Thursday, 11pm: Scores of concerned residents attended a public meeting in Thorney this evening (April 25) over controversial proposals for a wind farm near the village.
The Thorney Landscape Protection Group had called the meeting at Bedford Hall, in Station Road, in opposition to plans for eight wing turbines, 126.5m high, at Gores Farm, in Whittlesey Road, Thorney.
The £29m plans, currently out to consultation, have been submitted to Peterborough City Council by Peterborough Wind Energy, a subsidiary of the Wales-based West Coast Energy.
Tonight’s meeting was a chance to galvanise opposition against the application – just one of a host of wind farms mooted for the area.
Bob Davis, a member of the Thorney Landscape Protection Group and chair of the meeting, said some 42 wind turbines, at different stages of the planning process, were known to be in the offing for the parish.
He said: “If we don’t stop this one.

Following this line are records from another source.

(* Let $q\in[1,2]$, $L\ge 2$, $\lambda>0$, and $f\in C^1(\mathbb{R}^n,\mathbb{R})$. Let $w_{1,t},\dots,w_{L,t}\in\mathbb{R}^n$ solve the steepest flow (without weight decay) $$d w_{i,t}=-\operatorname{sign}(\nabla_{w_i}F(w_t))\odot|\nabla_{w_i}F(w_t)|^{q-1}dt,\quad i\in[L],\qquad F(w)=f\left(\textstyle\prod_{i=1}^L w_i\right),$$ with an initialization that is $\lambda$-$L_p$-balanced with respect to the first parameter, i.e. $|w_{j,0}|^q-|w_{1,0}|^q=\lambda\mathbf{1}_n$ for all $j\in\{2,\dots,L\}$. Then there is a separable function $R_{L_p,L}$, depending only on the initialization and the reparameterization, such that $x_t=\prod_{i=1}^L w_{i,t}$ satisfies, almost everywhere, the separable $L_p$ steepest mirror flow $$d\,\nabla_x R_{L_p,L}(x_t)=-\operatorname{sign}(\nabla_x f(x_t))\odot|\nabla_x f(x_t)|^{q-1}dt,\qquad x_0=\prod_{i=1}^L w_{i,0}.$$ Moreover $R_{L_p,L}$ is a separable Bregman and Legendre function when $q\frac{L-1}{L}\le 1$, and for $L=2$ its Hessian is the diagonal matrix $$\nabla^2_x R_{L_p,2}(x)=\operatorname{diag}\left(\frac{1}{\sqrt{4|x_i|^q+\lambda^2}}\right)_{i\in[n]}.$$
   Context: All vector operations are entrywise; $\mathbf 1_n$ is the all-ones vector; $q$ is dual to $p$ ($1/p+1/q=1$). A function $R$ is separable if $R(x)=\sum_i R_i(x_i)$. Legendre function: a differentiable convex $R:\mathbb{R}^n\to\mathbb{R}\cup\{\infty\}$ that is strictly convex on the interior of its domain and such that $\|\nabla R(x_i)\|_{L_2}\to\infty$ along any sequence $x_i$ tending to the boundary of $\operatorname{dom}R$. Bregman divergence: $D_R(x_1,x_2)=R(x_1)-R(x_2)-\langle\nabla R(x_2),x_1-x_2\rangle$. Bregman function: $\operatorname{dom}R$ closed, $R$ strictly convex and continuous on $\operatorname{dom}R$ and $C^1$ on its interior; for every $x\in\operatorname{dom}R$ and $\gamma\in\mathbb{R}$ the set $\{y:D_R(x,y)\le\gamma\}$ is bounded; and $D_R(x,x_i)\to0$ whenever $x_i\to x$ with $x_i$ in the interior of the domain. *)

theory Defs
  imports "HOL-Analysis.Analysis"
begin

text \<open>Gradient of a real-valued function on R^n (meaningful where it is differentiable).\<close>
definition grad :: "(real^'n \<Rightarrow> real) \<Rightarrow> real^'n \<Rightarrow> real^'n" where
  "grad h x = (THE v. (h has_derivative (\<lambda>y. v \<bullet> y)) (at x))"

definition prodw :: "nat \<Rightarrow> (nat \<Rightarrow> real^'n) \<Rightarrow> real^'n" where
  "prodw L ws = (\<chi> k. \<Prod>i\<in>{1..L}. ws i $ k)"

I fear the flood gates will open.”
He urged residents to register their objections to the wind farm with Peterborough City Council before the end of the consultation period, Friday, May 17.

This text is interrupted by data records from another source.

(* Let $D$ be a CAEXT derivation ending in a configuration $C=\langle A,\mathcal I,\pi\rangle\neq\mathsf{unsat}$. Then for all array terms $a$ and propagated terms $t$ (reads $b[i]$ or constant arrays $\langle v\rangle$): if $\mathcal I\neq\mathcal I_0$ and $\mathcal R(a,t)\neq()$, then $\mathcal I\models\mathcal R(a,t)$ (in the empty theory).
   Context: Theory. Many-sorted first-order logic with equality. There is an index sort $\sigma$, an element sort $\tau$, and an array sort $(\sigma\to\tau)$, with function symbols: read $a[i]$, write $a\langle i\triangleleft u\rangle$, and constant array $\langle v\rangle$. The empty theory treats all these symbols (and the array sort) as uninterpreted. $T(A)$ is the set of terms occurring in $A$, $T_{\mathcal A}(A)$ the set of array terms in $A$, and $W(A)=\{a\langle i\triangleleft u\rangle[i]\approx u \mid a\langle i\triangleleft u\rangle\in T(A)\}$. Configurations. A configuration is either $\mathsf{unsat}$ or a triple $\langle A,\mathcal I,\pi\rangle$ where $A$ is a set of formulas (with flat literals), $\mathcal I$ is either $\mathcal I_0=\mathsf{none}$ or an interpretation in the empty theory satisfying $A$, and $\pi$ maps pairs $(a,t)$ ($a$ an array term, $t$ a read term $b[i]$ or a constant array term $\langle v\rangle$) to either the undefined value $()$ or a pair $(r,c)$ with $r$ a formula and $c$ an array term. $\pi_0$ maps every pair to $()$; the initial configuration for $A$ is $\langle A,\mathcal I_0,\pi_0\rangle$. Reasons. $\mathcal R(a,t)=()$ if $\pi(a,t)=()$; otherwise $\mathcal R(a,t)=\top$ if $t=a$ or $t=a[i]$ for some $i$; otherwise $\mathcal R(a,t)=\mathcal R(c,t)\wedge r$ where $\pi(a,t)=(r,c)$. Updated indices $I(a,\langle v\rangle)$: $()$ if $\pi(a,\langle v\rangle)=()$; $\emptyset$ if $a=\langle v\rangle$; $I(b,\langle v\rangle)\cup\{j\}$ if $\pi(a,\langle v\rangle)=(\top,b)$ with $b=a\langle j\triangleleft u\rangle$ or $a=b\langle j\triangleleft u\rangle$; otherwise $I(c,\langle v\rangle)$ where $\pi(a,\langle v\rangle)=(r,c)$. "$\mathcal I\models\varphi$" refers to the current $\mathcal I$ (empty theory); such premises require $\mathcal I\ne\mathcal I_0$. "Reset" means $(\mathcal I,\pi):=(\mathcal I_0,\pi_0)$. Rules of CAEXT: Interp: if $\mathcal I=\mathcal I_0$ and $\mathcal I'\models A\cup W(A)$ in the empty theory, set $\mathcal I:=\mathcal I'$. Conf: if $A\cup W(A)$ is empty-theory unsatisfiable, derive $\mathsf{unsat}$. InitR: $a[i]\in T(A)$ ⟹ $\pi(a,a[i]):=(\top,a)$. InitW: $s=a\langle i\triangleleft u\rangle\in T(A)$ ⟹ $\pi(s,s[i]):=(\top,s)$. RowD: $\mathcal I\models i\not\approx j$, $\pi(a\langle j\triangleleft u\rangle,b[i])\ne()$, $\pi(a,b[i])=()$ ⟹ $\pi(a,b[i]):=(i\not\approx j,a\langle j\triangleleft u\rangle)$. RowU: $\mathcal I\models i\not\approx j$, $a\langle j\triangleleft u\rangle\in T(A)$, $\pi(a,b[i])\ne()$, $\pi(a\langle j\triangleleft u\rangle,b[i])=()$ ⟹ $\pi(a\langle j\triangleleft u\rangle,b[i]):=(i\not\approx j,a)$. EqR: $\mathcal I\models a\approx c$, $a,c\in T_{\mathcal A}(A)$, $a\approx c\in T(A)$, $\pi(a,b[i])\ne()$, $\pi(c,b[i])=()$ ⟹ $\pi(c,b[i]):=(a\approx c,a)$. EqL: symmetric, $\pi(a,b[i]):=(a\approx c,c)$. CongR: $\mathcal I\models i\approx k$, $\pi(a,b[i])\ne()$, $\pi(a,c[k])\ne()$, $\mathcal I\models b[i]\not\approx c[k]$ ⟹ add $\mathcal R(a,b[i])\wedge\mathcal R(a,c[k])\wedge i\approx k\Rightarrow b[i]\approx c[k]$ to $A$, reset. DisEq: $\mathcal I\models a\not\approx c$, $a,c\in T_{\mathcal A}(A)$, $a\approx c\in T(A)$, $k_{\{a,c\}}\notin T(A)$ ⟹ add $a\not\approx c\Rightarrow a[k_{\{a,c\}}]\not\approx c[k_{\{a,c\}}]$ (fresh index constant $k_{\{a,c\}}$), reset. Roc: $\pi(\langle v\rangle,b[i])\ne()$, $\mathcal I\models b[i]\not\approx v$ ⟹ add $\mathcal R(\langle v\rangle,b[i])\Rightarrow b[i]\approx v$, reset. InitC: $\langle v\rangle\in T(A)$ ⟹ $\pi(\langle v\rangle,\langle v\rangle):=(\top,\langle v\rangle)$. CowD: $\pi(a\langle j\triangleleft u\rangle,\langle v\rangle)\ne()$, $\pi(a,\langle v\rangle)=()$, $\mathcal I\models\exists i{:}\sigma.\bigwedge_{k\in I(a\langle j\triangleleft u\rangle,\langle v\rangle)\cup\{j\}}i\not\approx k$ ⟹ $\pi(a,\langle v\rangle):=(\top,a\langle j\triangleleft u\rangle)$. CowU: $\pi(a,\langle v\rangle)\ne()$, $\pi(a\langle j\triangleleft u\rangle,\langle v\rangle)=()$, $a\langle j\triangleleft u\rangle\in T(A)$, $\mathcal I\models\exists i{:}\sigma.\bigwedge_{k\in I(a,\langle v\rangle)\cup\{j\}}i\not\approx k$ ⟹ $\pi(a\langle j\triangleleft u\rangle,\langle v\rangle):=(\top,a)$. CEqR: $\mathcal I\models a\approx c$, $a,c\in T_{\mathcal A}(A)$, $a\approx c\in T(A)$, $\pi(a,\langle v\rangle)\ne()$, $\pi(c,\langle v\rangle)=()$ ⟹ $\pi(c,\langle v\rangle):=(a\approx c,a)$. CEqL: symmetric, $\pi(a,\langle v\rangle):=(a\approx c,c)$. CongC: $\pi(a,\langle v\rangle)\ne()$, $\pi(a,\langle w\rangle)\ne()$, $\mathcal I\models v\not\approx w$, $\mathcal I\models\exists i{:}\sigma.\bigwedge_{k\in I(a,\langle v\rangle)\cup I(a,\langle w\rangle)}i\not\approx k$ ⟹ add $\mathcal R(a,\langle v\rangle)\wedge\mathcal R(a,\langle w\rangle)\wedge\exists i{:}\sigma.\bigwedge_{k\in I(a,\langle v\rangle)\cup I(a,\langle w\rangle)}i\not\approx k\Rightarrow v\approx w$, reset. Conflict rules: CongR, DisEq, Roc, CongC. A derivation is a sequence of configurations starting from an initial configuration, each obtained from the previous by a rule application. *)

theory Defs
  imports Main
begin

datatype srt = SIdx | SElem | SArr

datatype trm =
    Cst string srt
  | Rd trm trm
  | Wr trm trm trm
  | CArr trm
  | Kd trm trm                \<comment> \<open>fresh index constant k_{a,c} introduced by DisEq\<close>

fun sort_of :: "trm \<Rightarrow> srt" where
  "sort_of (Cst n s) = s"
| "sort_of (Rd a i) = SElem"
| "sort_of (Wr a i u) = SArr"
| "sort_of (CArr v) = SArr"
| "sort_of (Kd a c) = SIdx"

text \<open>Quantifier-free formulas, plus the only quantified shape used by CongC:
  FExD ks  stands for  \<exists>i:\<sigma>. \<And>k\<in>set ks. i \<noteq> k.\<close>
datatype fml =
    FTop | FBot
  | FEq trm trm
  | FNeg fml
  | FAnd fml fml
  | FOr fml fml
  | FImp fml fml
  | FExD "trm list"

fun subt :: "trm \<Rightarrow> trm set" where
  "subt (Cst n s) = {Cst n s}"
| "subt (Rd a i) = insert (Rd a i) (subt a \<union> subt i)"
| "subt (Wr a i u) = insert (Wr a i u) (subt a \<union> subt i \<union> subt u)"
| "subt (CArr v) = insert (CArr v) (subt v)"
| "subt (Kd a c) = {Kd a c}"

fun fterms :: "fml \<Rightarrow> trm set" where
  "fterms FTop = {}"
| "fterms FBot = {}"
| "fterms (FEq s t) = subt s \<union> subt t"
| "fterms (FNeg p) = fterms p"
| "fterms (FAnd p q) = fterms p \<union> fterms q"
| "fterms (FOr p q) = fterms p \<union> fterms q"
| "fterms (FImp p q) = fterms p \<union> fterms q"
| "fterms (FExD ks) = (\<Union>k\<in>set ks. subt k)"

fun fatoms :: "fml \<Rightarrow> fml set" where
  "fatoms FTop = {}"
| "fatoms FBot = {}"
| "fatoms (FEq s t) = {FEq s t}"
| "fatoms (FNeg p) = fatoms p"
| "fatoms (FAnd p q) = fatoms p \<union> fatoms q"
| "fatoms (FOr p q) = fatoms p \<union> fatoms q"
| "fatoms (FImp p q) = fatoms p \<union> fatoms q"
| "fatoms (FExD ks) = {}"

definition T :: "fml set \<Rightarrow> trm set" where
  "T A = (\<Union>p\<in>A. fterms p)"

definition TA :: "fml set \<Rightarrow> trm set" where
  "TA A = {t \<in> T A. sort_of t = SArr}"

definition atomsA :: "fml set \<Rightarrow> fml set" where
  "atomsA A = (\<Union>p\<in>A. fatoms p)"

definition W :: "fml set \<Rightarrow> fml set" where
  "W A = {FEq (Rd (Wr a i u) i) u | a i u. Wr a i u \<in> T A}"

record 'v interp =
  dom :: "srt \<Rightarrow> 'v set"
  cst :: "string \<Rightarrow> srt \<Rightarrow> 'v"
  rd  :: "'v \<Rightarrow> 'v \<Rightarrow> 'v"
  wr  :: "'v \<Rightarrow> 'v \<Rightarrow> 'v \<Rightarrow> 'v"
  ca  :: "'v \<Rightarrow> 'v"
  kd  :: "trm \<Rightarrow> trm \<Rightarrow> 'v"

definition wf_interp :: "'v interp \<Rightarrow> bool" where
  "wf_interp J \<longleftrightarrow>
     (\<forall>s. dom J s \<noteq> {}) \<and>
     (\<forall>n s. cst J n s \<in> dom J s) \<and>
     (\<forall>a c. kd J a c \<in> dom J SIdx) \<and>
     (\<forall>x\<in>dom J SArr. \<forall>i\<in>dom J SIdx. rd J x i \<in> dom J SElem) \<and>
     (\<forall>x\<in>dom J SArr. \<forall>i\<in>dom J SIdx. \<forall>e\<in>dom J SElem. wr J x i e \<in> dom J SArr) \<and>
     (\<forall>e\<in>dom J SElem. ca J e \<in> dom J SArr)"

fun eval :: "'v interp \<Rightarrow> trm \<Rightarrow> 'v" where
  "eval J (Cst n s) = cst J n s"
| "eval J (Rd a i) = rd J (eval J a) (eval J i)"
| "eval J (Wr a i u) = wr J (eval J a) (eval J i) (eval J u)"
| "eval J (CArr v) = ca J (eval J v)"
| "eval J (Kd a c) = kd J a c"

fun sat :: "'v interp \<Rightarrow> fml \<Rightarrow> bool" where
  "sat J FTop = True"
| "sat J FBot = False"
| "sat J (FEq s t) = (eval J s = eval J t)"
| "sat J (FNeg p) = (\<not> sat J p)"
| "sat J (FAnd p q) = (sat J p \<and> sat J q)"
| "sat J (FOr p q) = (sat J p \<or> sat J q)"
| "sat J (FImp p q) = (sat J p \<longrightarrow> sat J q)"
| "sat J (FExD ks) = (\<exists>x\<in>dom J SIdx. \<forall>k\<in>set ks. x \<noteq> eval J k)"

text \<open>The current interpretation: None is I_0; premises "I |= phi" require I \<noteq> I_0.\<close>
definition models :: "'v interp option \<Rightarrow> fml \<Rightarrow> bool" where
  "models I p \<longleftrightarrow> (\<exists>J. I = Some J \<and> sat J p)"

definition satisfiable :: "'v itself \<Rightarrow> fml set \<Rightarrow> bool" where
  "satisfiable _ A \<longleftrightarrow> (\<exists>J :: 'v interp. wf_interp J \<and> (\<forall>p\<in>A. sat J p))"

type_synonym pmap = "trm \<Rightarrow> trm \<Rightarrow> (fml \<times> trm) option"

definition pi0 :: pmap where "pi0 = (\<lambda>a t. None)"

definition upd :: "pmap \<Rightarrow> trm \<Rightarrow> trm \<Rightarrow> fml \<times> trm \<Rightarrow> pmap" where
  "upd \<pi> a t x = \<pi>(a := (\<pi> a)(t := Some x))"

text \<open>Rsn \<pi> a t r  :  R(a,t) is defined and equals r (the recursive definition of the paper).\<close>
inductive Rsn :: "pmap \<Rightarrow> trm \<Rightarrow> trm \<Rightarrow> fml \<Rightarrow> bool" where
  rsn_self: "\<pi> a t \<noteq> None \<Longrightarrow> t = a \<Longrightarrow> Rsn \<pi> a t FTop"
| rsn_read: "\<pi> a t \<noteq> None \<Longrightarrow> t = Rd a i \<Longrightarrow> Rsn \<pi> a t FTop"
| rsn_step: "\<pi> a t = Some (r, c) \<Longrightarrow> t \<noteq> a \<Longrightarrow> (\<forall>i. t \<noteq> Rd a i) \<Longrightarrow>
             Rsn \<pi> c t r' \<Longrightarrow> Rsn \<pi> a t (FAnd r' r)"

text \<open>Upd \<pi> a t S : I(a,t) is defined and equals S (t a constant-array term).\<close>
inductive Upd :: "pmap \<Rightarrow> trm \<Rightarrow> trm \<Rightarrow> trm set \<Rightarrow> bool" where
  upd_self: "\<pi> a t \<noteq> None \<Longrightarrow> a = t \<Longrightarrow> Upd \<pi> a t {}"
| upd_wr: "\<pi> a t = Some (FTop, b) \<Longrightarrow> a \<noteq> t \<Longrightarrow>
           (\<exists>u. b = Wr a j u) \<or> (\<exists>u. a = Wr b j u) \<Longrightarrow>
           Upd \<pi> b t S \<Longrightarrow> Upd \<pi> a t (insert j S)"
| upd_other: "\<pi> a t = Some (r, c) \<Longrightarrow> a \<noteq> t \<Longrightarrow>
           \<not> (r = FTop \<and> (\<exists>j u. c = Wr a j u \<or> a = Wr c j u)) \<Longrightarrow>
           Upd \<pi> c t S \<Longrightarrow> Upd \<pi> a t S"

He said: “These monsters will destroy, to my eye, the unique quality and beauty and appeal of the fen.”
He added: “As a community, we need to get off our collective backside and do something about it.”
Among the political figures giving their backing to campaigners were Cllr David Sanders, member for Eye and Thorney at Peterborough City Council, and MP for Peterborough Stewart Jackson.
Mr Jackson was among the speakers who advised residents to keep their objections to matters planning officers could take into account, which includes noise, for example, but not the impact on property prices.
He added: “I’m on your side and I stand ready to assist you in any way that I can.”
The meeting was also a chance for members of the public to put questions to Peterborough City Council’s planning officer Nick Harding.
He told concerned residents despite the authority’s ambitions of being an Environmental Capital that did not mean the application was not an overriding consideration for the city council.
He said: “It is keen on doing renewable energy, but that is not at any price.”
A representative from West Coast Energy was not at the meeting, but has previously stated the proposed wind farm would generate up to 24MW of power – equivalent to the annual domestic electricity consumption of 13,011 homes.